The GSC correctly identified 41 of 45 malignant samples as suspicious, yielding a sensitivity of 91.1% (95% CI, 79-98), and 99 of 145 nonmalignant samples were correctly identified as benign by the GSC, yielding a specificity of 68.3% (95% CI, 6076). Among Bethesda III and IV samples, the NPV was 96.1% (95% CI, 90-99) and the PPV was 47.1% (95% CI, 36-58). Performance of the GSC was similar between Bethesda III and IV categories (Table 2).
Among the 190 Bethesda III and IV samples, 17 (8.9%) were histologically Hürthle cell adenomas and 9 (4.7%) were Hürthle cell carcinomas, while 164 samples (86.3%) were histologically non-Hürthle. For samples with Hürthle histology, the sensitivity was 88.9% (95% CI, 52-100) and the specificity was 58.8% (95% CI, 33-82).
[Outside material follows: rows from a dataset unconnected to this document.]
(* Fix any total budget $\mathrm{TB}\in\mathbb N_0$. For every $k\in\mathbb N$, $-1/2^k<*<1/2^k$, where $*=\{0\mid 0\}$.
   Context: Game forms are defined recursively: $G=\{G^{\mathcal L}\mid G^{\mathcal R}\}$ with finite sets of Left and Right options, and finite birthday. $0=\{\varnothing\mid\varnothing\}$, $1=\{0\mid\varnothing\}$, $*=\{0\mid 0\}$. Dyadic game forms: $1/2^0=1$ and for $k\in\mathbb N$, $1/2^k=\{0\mid 1/2^{k-1}\}$; $-1/2^k=\overline{1/2^k}$, where the conjugate is $\bar G=\{\overline{G^{\mathcal R}}\mid\overline{G^{\mathcal L}}\}$. The budget set for total budget $\mathrm{TB}$ is $\mathcal B=\{0,\dots,\mathrm{TB},\hat 0,\dots,\widehat{\mathrm{TB}}\}$: state $p$ (resp. $\hat p$) means Left holds $p$ dollars and Right holds $\mathrm{TB}-p$, and Right (resp. Left) holds the tie-breaking marker. Play of $(G,\tilde p)$: at every position (terminal ones included) both players bid simultaneously, Left $\ell\in\{0,\dots,p\}$, Right $r\in\{0,\dots,\mathrm{TB}-p\}$. If Left holds the marker (state $\hat p$): if $\ell>r$ Left moves to $(G^L,\widehat{p-\ell})$, or, including the marker (allowed when $\ell\ge r$), to $(G^L,p-\ell)$; if $\ell=r$ Left wins, the marker passes to Right, play continues at $(G^L,p-\ell)$; if $\ell<r$ Right moves to $(G^R,\widehat{p+r})$. Symmetrically when Right holds the marker (state $p$): if $r>\ell$ Right moves to $(G^R,p+r)$ or, including the marker, to $(G^R,\widehat{p+r})$; if $r=\ell$ Right wins, the marker passes to Left, play continues at $(G^R,\widehat{p+r})$; if $r<\ell$ Left moves to $(G^L,p-\ell)$. A player who wins a bid but has no option loses. $o(G,\tilde p)\in\{\mathrm L,\mathrm R\}$ is the winner under optimal play; $\mathrm L>\mathrm R$. Disjunctive sum $G+H=\{G^{\mathcal L}+H,G+H^{\mathcal L}\mid G^{\mathcal R}+H,G+H^{\mathcal R}\}$. $G\ge H$ means $o(G+X,\tilde p)\ge o(H+X,\tilde p)$ for all game forms $X$ and all $\tilde p\in\mathcal B$; $G>H$ means $G\ge H$ and not $H\ge G$; $G<H$ means $H>G$. *)

theory Defs
  imports "HOL-Library.FSet"
begin

text \<open>A game form is a pair of finite sets of Left and Right options.
  Finite birthday is automatic for an (inductive) datatype.\<close>

datatype game = Game (lopts: "game fset") (ropts: "game fset")

definition zero_g :: game where "zero_g = Game {||} {||}"
definition one_g :: game where "one_g = Game {|zero_g|} {||}"
definition star_g :: game where "star_g = Game {|zero_g|} {|zero_g|}"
For samples with non-Hürthle histology, the sensitivity was 91.7% (95% CI, 78-98) and the specificity was 69.5% (95% CI, 61-77).
A wide variety of malignant subtypes were correctly classified as suspicious (Table 3). Four false-negative cases occurred (Table 4). We assessed whether patient age or sex, malignancy subtype, or nodule size by ultrasonography or on histopathology were associated with false-negative cases, and none were. Comparisons of GSC to GEC results on a per-sample basis are reported in the eAppendix in the Supplement. The performance of the GSC in secondary analyses of nodules with Bethesda II, V, or VI cytopathology are reported in Table 2. Among the entire secondary analysis group, the GSC sensitivity was 100% (95% CI, 90-100) and the specificity was 73.1% (95% CI, 52-88).
Table 3.
Histopathological Subtype | Nodules, No. (%) | Result With GSC, Benign, No./Suspicious, No. |
---|---|---|
Benign | ||
Total, No. | 145 | NA |
Benign follicular nodule | 49 (33.8) | 38/11 |
Hyperplastic nodule | 5 (3.4) | 5/0 |
Follicular adenoma | 54 (37.2) | 37/17 |
Follicular tumor of uncertain malignant potential | 9 (6.2) | 4/5 |
Well-differentiated tumor of uncertain malignant potential | 8 (5.5) | 4/4 |
Hürthle cell adenoma | 17 (11.7) | 10/7 |
Chronic lymphocytic thyroiditis | 2 (1.4) | 1/1 |
Hyalinizing trabecular adenoma | 1 (0.7) | 0/1 |
Malignant | ||
Total, No. | 45 | NA |
Papillary thyroid carcinoma | 15 (33.3) | 2/13 |
Tall-cell variant | 1 (2.2) | 0/1 |
Follicular variant | 11 (24.4) | 1/10 |
Hürthle cell carcinomaa | 9 (20.0) | 1/8 |
Follicular carcinomab | 7 (15.6) | 0/7 |
Poorly differentiated carcinoma | 1 (2.2) | 0/1 |
Medullary thyroid cancer | 1 (2.2) | 0/1 |
Abbreviation: NA, not applicable.
aAmong the Hürthle cell carcinomas, 7 showed capsular invasion and 2 showed vascular invasion. The false-negative case was previously false-negative on the gene expression classifier.20
bAmong the follicular carcinomas, 3 showed capsular invasion and 4 were well-differentiated carcinomas not otherwise specified.
Table 4.
Patient No./Sex | Nodule Size, cm | Bethesda Cytologic Diagnosis | Final Histologic Diagnosis | |
---|---|---|---|---|
Ultrasonographic Imaging | Pathological Examination | |||
1/M | 1.1 | 1.2 | III | PTC |
2/F | 2.5 | 1.5 | III | PTC |
3/F | 3.2 | 3.0 | IV | FVPTC |
4/F | 2.9 | 3.5 | IV | HCC-v |
Abbreviations: FVPTC, papillary thyroid cancer follicular variant; HCC-v, Hürthle cell carcinoma, vascular invasion; PTC, papillary thyroid cancer.
Discussion
A 2016 meta-analysis33 reported the risks of malignancy among Bethesda III and IV thyroid nodules to be 17% (95% CI, 11-23) and 25% (95% CI, 20-29), respectively. To safely avoid unnecessary diagnostic surgery among these cytologically indeterminate nodules, a test with a high sensitivity and NPV for malignancy is required. This blinded clinical validation of the GSC in a prospectively collected, representative, universally operated, and histopathologically diagnosed cohort demonstrates the required high NPV across these ranges of cancer prevalence encountered in Bethesda III and IV nodules in clinical practice (Figure). To independently validate the GSC, we implemented a set of strict blinding and deidentification protocols that enabled us to use the same FNA samples previously used to validate the GEC.20 Use of these samples allowed testing of complete and representative sets of nodules with corresponding surgical histology unaffected by the current widespread use of molecular testing to avoid or encourage surgery.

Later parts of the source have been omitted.